History recounts what was. Science describes what is. Ethics states what should be. But literature—while it certainly can include history, science, and ethics—can create what never was and what cannot be. It can describe imaginary worlds, rewrite the past, invent the future—or a hundred or a thousand of each.
It has been said that fiction is the highest form of truth because it is not chained to events the way history is. A literary work can explore a historical event by positing a better or a worse outcome, by inverting the winner and the loser of a conflict, by rearranging allies and foes, or by inventing beings from another planet who serve as foils to the follies of the human race. All of this taking liberties with reality serves to stimulate our thinking in new ways, along new pathways, and to the clearest, purest truth. And simply stretching the imagination feels so good.
So, if I had been the TA that day, what should I have said to the student who objected to reading Macbeth? “Macbeth really is about you.

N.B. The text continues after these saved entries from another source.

definition layer_ok :: "nat \<Rightarrow> nat \<Rightarrow> nat \<Rightarrow> nat \<Rightarrow> layer \<Rightarrow> bool" where
  "layer_ok c0 c1 p c2 l \<longleftrightarrow> (case l of (x0, x1, x2, b0, b1, b2) \<Rightarrow>
     x0 < 3 \<and> x1 < 3 \<and> x2 < 3 \<and> b0 < 2 \<and> b1 < 2 \<and> b2 < 2 \<and>
     segment_ok c0 id x0 x1 b0 \<and> segment_ok c1 id x1 x2 b1 \<and>
     segment_ok c2 (\<lambda>z. perms3 ! p ! z) x2 x0 b2)"

definition balanced :: "nat \<Rightarrow> nat \<Rightarrow> nat \<Rightarrow> layer list \<Rightarrow> bool" where
  "balanced c0 c1 c2 W \<longleftrightarrow> length W = 6 \<and>
     (\<forall>i\<in>{0,1,2}. length (filter (\<lambda>(x0,x1,x2,b0,b1,b2). x0 = i) W) = 2 \<and>
                 length (filter (\<lambda>(x0,x1,x2,b0,b1,b2). x1 = i) W) = 2 \<and>
                 length (filter (\<lambda>(x0,x1,x2,b0,b1,b2). x2 = i) W) = 2) \<and>
     (c0 \<noteq> 0 \<longrightarrow> length (filter (\<lambda>(x0,x1,x2,b0,b1,b2). b0 = 0) W) = 3) \<and>
     (c1 \<noteq> 0 \<longrightarrow> length (filter (\<lambda>(x0,x1,x2,b0,b1,b2). b1 = 0) W) = 3) \<and>
     (c2 \<noteq> 0 \<longrightarrow> length (filter (\<lambda>(x0,x1,x2,b0,b1,b2). b2 = 0) W) = 3)"

definition configurations :: "(nat \<times> nat \<times> nat \<times> nat) list" where
  "configurations = concat (map (\<lambda>c0. concat (map (\<lambda>c1. concat (map (\<lambda>p.
     map (\<lambda>c2. (c0, c1, p, c2)) [0..<4]) [0..<6])) [0..<4])) [0..<4])"
theorem proposition5p16:
  fixes l m n :: "pt set" and a1 a2 a3 b1 b2 b3 c1 c2 c3 :: pt
  assumes "l \<in> aff_lines" and "m \<in> aff_lines" and "n \<in> aff_lines"
    and "l \<inter> m = {}" and "l \<inter> n = {}" and "m \<inter> n = {}"
    and "l = {a1, a2, a3}" and "distinct [a1, a2, a3]"
    and "m = {b1, b2, b3}" and "distinct [b1, b2, b3]"
    and "n = {c1, c2, c3}" and "distinct [c1, c2, c3]"
    and two: "(2::'r::comm_ring_1) = 0"
  defines "s \<equiv> (ind UNIV :: pt \<Rightarrow> 'r)" and "L \<equiv> (ind l :: pt \<Rightarrow> 'r)"
  shows "is_eigenvalue L 0
    \<and> is_eigenvalue L 1
    \<and> eigsp L 0 = rspan {pnt a1, pnt a2, pnt a3, s}
    \<and> eigsp L 1 = rspan {pnt b1 + pnt b2, pnt b1 + pnt b3,
                                 pnt c1 + pnt c2, pnt c1 + pnt c3}
    \<and> geigsp L 0 = rspan {pnt a1, pnt a2, pnt a3, ind m, ind n}
    \<and> geigsp L 1 = eigsp L 1
    \<and> (\<forall>v::pt \<Rightarrow> 'r. \<exists>x y. x \<in> geigsp L 0 \<and> y \<in> eigsp L 1 \<and> v = x + y)
    \<and> geigsp L 0 \<inter> eigsp L 1 = {0}"
proof -
  interpret parallel_class l m n
    using assms(1-6) by unfold_locales
  have "eigsp (ind l) 0 = rspan {pnt a1, pnt a2, pnt a3, ind UNIV :: pt \<Rightarrow> 'r}"
    unfolding rspan_pnts_ind_UNIV[OF assms(7,8)] by (auto simp: mem_eigsp_0_iff[OF two])
  moreover have "eigsp (ind l) 1
      = rspan {pnt b1 + pnt b2, pnt b1 + pnt b3, pnt c1 + pnt c2, pnt c1 + pnt c3 :: pt \<Rightarrow> 'r}"
    unfolding rspan_pnt_pair_sums[OF two assms(9-12)] by (auto simp: mem_eigsp_1_iff[OF two])
  moreover have "geigsp (ind l) 0 = rspan {pnt a1, pnt a2, pnt a3, ind m, ind n :: pt \<Rightarrow> 'r}"
    unfolding rspan_pnts_ind_lines[OF assms(7,8)] by (auto simp: mem_geigsp_0_iff[OF two])
  ultimately show ?thesis
    unfolding L_def s_def
    using is_eigenvalue_0[OF two] is_eigenvalue_1[OF two] geigsp_1_eq[OF two]
      geigsp_0_plus_eigsp_1[OF two] geigsp_0_Int_eigsp_1[OF two]
    by blast
qed

end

I’ll help you understand how”? or “It’s not about you? That’s why you should read it, to learn about other people and other ideas beyond your experience”? or “Come on. It’ll be fun”? or “Here, read this essay”? I hope that student eventually discovered the riches and wisdom—and enjoyment—packed into all those old books. Scowling at what used to be called the modern classics is, quite frankly, self-limiting. I hope you won’t make that mistake.
P.S. Consider this essay an argument in favor of reading DWEWs (Dead, White, European, Women), too. There is much to gain by reading Jane Austen, Mary Shelley, George Eliot (Mary Ann Evans), Charlotte Bronte, Emily Bronte, Ann Radcliffe, and many others.
P.P.S. These books are called modern classics because the ancient classics refer to writers such as Plato, Aristotle, Cicero, Marcus Aurelius, Seneca, and so on. Those authors are also well worth reading carefully.